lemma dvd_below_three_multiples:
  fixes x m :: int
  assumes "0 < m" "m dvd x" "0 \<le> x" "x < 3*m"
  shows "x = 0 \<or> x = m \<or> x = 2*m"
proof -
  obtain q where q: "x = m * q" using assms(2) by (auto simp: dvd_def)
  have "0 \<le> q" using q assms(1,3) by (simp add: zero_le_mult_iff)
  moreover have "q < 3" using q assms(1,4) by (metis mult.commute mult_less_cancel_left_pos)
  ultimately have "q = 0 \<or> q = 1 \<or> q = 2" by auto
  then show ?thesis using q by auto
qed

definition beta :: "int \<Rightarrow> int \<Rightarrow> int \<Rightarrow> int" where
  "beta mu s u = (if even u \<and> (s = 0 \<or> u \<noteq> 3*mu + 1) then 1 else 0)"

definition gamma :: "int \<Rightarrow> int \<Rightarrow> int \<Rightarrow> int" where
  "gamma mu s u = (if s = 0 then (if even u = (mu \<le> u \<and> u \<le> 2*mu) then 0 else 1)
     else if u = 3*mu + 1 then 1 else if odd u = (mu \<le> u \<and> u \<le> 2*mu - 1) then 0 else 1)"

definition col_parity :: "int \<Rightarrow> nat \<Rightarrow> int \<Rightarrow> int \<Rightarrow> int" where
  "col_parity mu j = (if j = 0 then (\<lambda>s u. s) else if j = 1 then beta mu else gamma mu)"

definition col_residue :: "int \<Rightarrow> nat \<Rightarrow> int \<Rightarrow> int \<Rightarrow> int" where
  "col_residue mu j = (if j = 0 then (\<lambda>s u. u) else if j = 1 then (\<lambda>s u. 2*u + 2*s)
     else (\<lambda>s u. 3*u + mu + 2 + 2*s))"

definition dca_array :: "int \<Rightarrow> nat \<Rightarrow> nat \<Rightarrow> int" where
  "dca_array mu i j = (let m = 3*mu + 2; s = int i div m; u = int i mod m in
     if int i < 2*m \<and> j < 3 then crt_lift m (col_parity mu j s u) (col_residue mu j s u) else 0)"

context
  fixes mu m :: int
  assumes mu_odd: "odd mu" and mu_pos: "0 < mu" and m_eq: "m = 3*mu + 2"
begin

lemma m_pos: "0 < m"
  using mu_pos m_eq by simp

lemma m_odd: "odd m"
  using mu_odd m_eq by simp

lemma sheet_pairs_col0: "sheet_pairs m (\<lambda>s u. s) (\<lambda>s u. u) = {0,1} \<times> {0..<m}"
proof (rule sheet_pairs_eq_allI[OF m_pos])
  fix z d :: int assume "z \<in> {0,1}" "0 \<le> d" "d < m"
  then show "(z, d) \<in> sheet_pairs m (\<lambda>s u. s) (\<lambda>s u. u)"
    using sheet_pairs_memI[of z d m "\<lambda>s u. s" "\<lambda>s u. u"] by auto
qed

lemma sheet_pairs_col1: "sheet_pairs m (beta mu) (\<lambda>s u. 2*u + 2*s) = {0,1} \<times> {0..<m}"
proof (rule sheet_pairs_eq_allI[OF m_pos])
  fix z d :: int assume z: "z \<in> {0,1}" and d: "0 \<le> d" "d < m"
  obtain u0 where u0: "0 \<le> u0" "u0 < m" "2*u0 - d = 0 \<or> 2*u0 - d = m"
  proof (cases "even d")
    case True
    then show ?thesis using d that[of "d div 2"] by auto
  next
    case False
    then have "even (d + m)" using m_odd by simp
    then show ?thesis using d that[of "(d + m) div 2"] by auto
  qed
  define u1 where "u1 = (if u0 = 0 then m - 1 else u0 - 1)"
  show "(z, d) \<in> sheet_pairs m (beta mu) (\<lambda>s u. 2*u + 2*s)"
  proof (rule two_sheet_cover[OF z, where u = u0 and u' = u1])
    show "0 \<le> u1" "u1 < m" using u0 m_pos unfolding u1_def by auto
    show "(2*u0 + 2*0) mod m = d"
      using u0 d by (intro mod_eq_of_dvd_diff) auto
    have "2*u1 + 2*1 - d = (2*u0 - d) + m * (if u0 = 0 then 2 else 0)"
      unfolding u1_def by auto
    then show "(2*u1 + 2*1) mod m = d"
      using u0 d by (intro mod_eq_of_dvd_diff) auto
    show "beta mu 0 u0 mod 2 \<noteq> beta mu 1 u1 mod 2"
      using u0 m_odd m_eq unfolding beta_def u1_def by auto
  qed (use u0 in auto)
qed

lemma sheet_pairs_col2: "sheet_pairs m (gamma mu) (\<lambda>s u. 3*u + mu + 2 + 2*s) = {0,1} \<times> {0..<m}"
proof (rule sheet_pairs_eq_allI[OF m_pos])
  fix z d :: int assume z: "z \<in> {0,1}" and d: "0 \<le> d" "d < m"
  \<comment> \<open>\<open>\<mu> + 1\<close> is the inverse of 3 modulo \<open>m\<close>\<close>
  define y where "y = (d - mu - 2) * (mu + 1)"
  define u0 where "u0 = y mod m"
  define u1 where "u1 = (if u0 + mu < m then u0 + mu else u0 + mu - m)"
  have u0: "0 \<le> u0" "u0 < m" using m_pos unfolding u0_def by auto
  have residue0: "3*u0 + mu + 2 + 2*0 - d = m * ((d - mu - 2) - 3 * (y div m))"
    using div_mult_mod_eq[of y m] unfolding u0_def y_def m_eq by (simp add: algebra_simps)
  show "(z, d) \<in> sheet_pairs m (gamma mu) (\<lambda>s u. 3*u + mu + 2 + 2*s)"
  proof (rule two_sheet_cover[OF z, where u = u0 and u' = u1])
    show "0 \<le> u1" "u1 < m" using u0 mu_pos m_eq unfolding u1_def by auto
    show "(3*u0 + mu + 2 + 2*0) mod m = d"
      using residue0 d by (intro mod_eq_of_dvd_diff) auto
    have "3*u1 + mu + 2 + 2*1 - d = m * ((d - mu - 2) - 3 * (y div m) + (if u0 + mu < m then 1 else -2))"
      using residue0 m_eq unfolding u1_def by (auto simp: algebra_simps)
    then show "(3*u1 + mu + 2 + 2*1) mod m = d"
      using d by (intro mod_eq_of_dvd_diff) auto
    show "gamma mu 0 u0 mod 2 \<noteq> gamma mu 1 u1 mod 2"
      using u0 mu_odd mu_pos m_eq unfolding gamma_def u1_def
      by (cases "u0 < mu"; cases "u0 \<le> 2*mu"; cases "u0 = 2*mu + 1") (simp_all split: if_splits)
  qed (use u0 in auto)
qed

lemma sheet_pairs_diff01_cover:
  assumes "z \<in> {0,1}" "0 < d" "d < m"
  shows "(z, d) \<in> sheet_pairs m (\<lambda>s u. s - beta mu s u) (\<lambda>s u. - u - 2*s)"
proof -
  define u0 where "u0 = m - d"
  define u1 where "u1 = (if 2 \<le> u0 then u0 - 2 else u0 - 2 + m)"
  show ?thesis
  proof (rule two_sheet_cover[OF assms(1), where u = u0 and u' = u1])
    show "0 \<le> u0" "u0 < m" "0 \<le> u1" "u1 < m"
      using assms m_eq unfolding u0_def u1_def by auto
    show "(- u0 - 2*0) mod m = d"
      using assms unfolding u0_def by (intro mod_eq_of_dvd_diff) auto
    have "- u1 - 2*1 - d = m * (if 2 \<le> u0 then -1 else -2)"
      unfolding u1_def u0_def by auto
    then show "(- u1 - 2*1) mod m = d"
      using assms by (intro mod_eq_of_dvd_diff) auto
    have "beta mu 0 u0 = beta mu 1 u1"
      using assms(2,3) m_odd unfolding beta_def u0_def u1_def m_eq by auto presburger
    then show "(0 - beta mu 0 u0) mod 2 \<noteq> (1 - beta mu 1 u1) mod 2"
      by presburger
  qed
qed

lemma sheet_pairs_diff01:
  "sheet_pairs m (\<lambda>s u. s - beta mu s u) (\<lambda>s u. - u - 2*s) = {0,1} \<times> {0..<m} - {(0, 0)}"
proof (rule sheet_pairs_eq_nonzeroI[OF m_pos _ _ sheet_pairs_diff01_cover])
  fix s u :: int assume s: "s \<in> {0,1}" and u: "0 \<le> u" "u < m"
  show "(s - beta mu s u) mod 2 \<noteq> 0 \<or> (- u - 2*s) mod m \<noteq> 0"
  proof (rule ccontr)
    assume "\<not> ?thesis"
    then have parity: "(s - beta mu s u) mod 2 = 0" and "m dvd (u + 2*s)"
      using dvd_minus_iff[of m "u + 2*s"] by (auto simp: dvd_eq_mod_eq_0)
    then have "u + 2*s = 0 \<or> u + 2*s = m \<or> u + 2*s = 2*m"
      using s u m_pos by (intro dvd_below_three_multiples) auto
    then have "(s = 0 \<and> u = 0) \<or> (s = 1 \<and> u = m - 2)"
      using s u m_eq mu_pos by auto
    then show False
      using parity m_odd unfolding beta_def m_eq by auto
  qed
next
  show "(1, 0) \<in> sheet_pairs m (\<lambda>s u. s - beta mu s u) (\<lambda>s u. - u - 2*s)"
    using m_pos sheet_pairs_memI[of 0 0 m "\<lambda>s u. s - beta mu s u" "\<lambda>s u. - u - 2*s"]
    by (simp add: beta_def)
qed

☆ ☆ ☆ ☆ ☆ ☆ ☆

**Exercise**
A complete answer lists every line of the listing above that holds the word "intro".

**Answer**
      using u0 d by (intro mod_eq_of_dvd_diff) auto
      using u0 d by (intro mod_eq_of_dvd_diff) auto
      using residue0 d by (intro mod_eq_of_dvd_diff) auto
      using d by (intro mod_eq_of_dvd_diff) auto
      using assms unfolding u0_def by (intro mod_eq_of_dvd_diff) auto
      using assms by (intro mod_eq_of_dvd_diff) auto
      using s u m_pos by (intro dvd_below_three_multiples) auto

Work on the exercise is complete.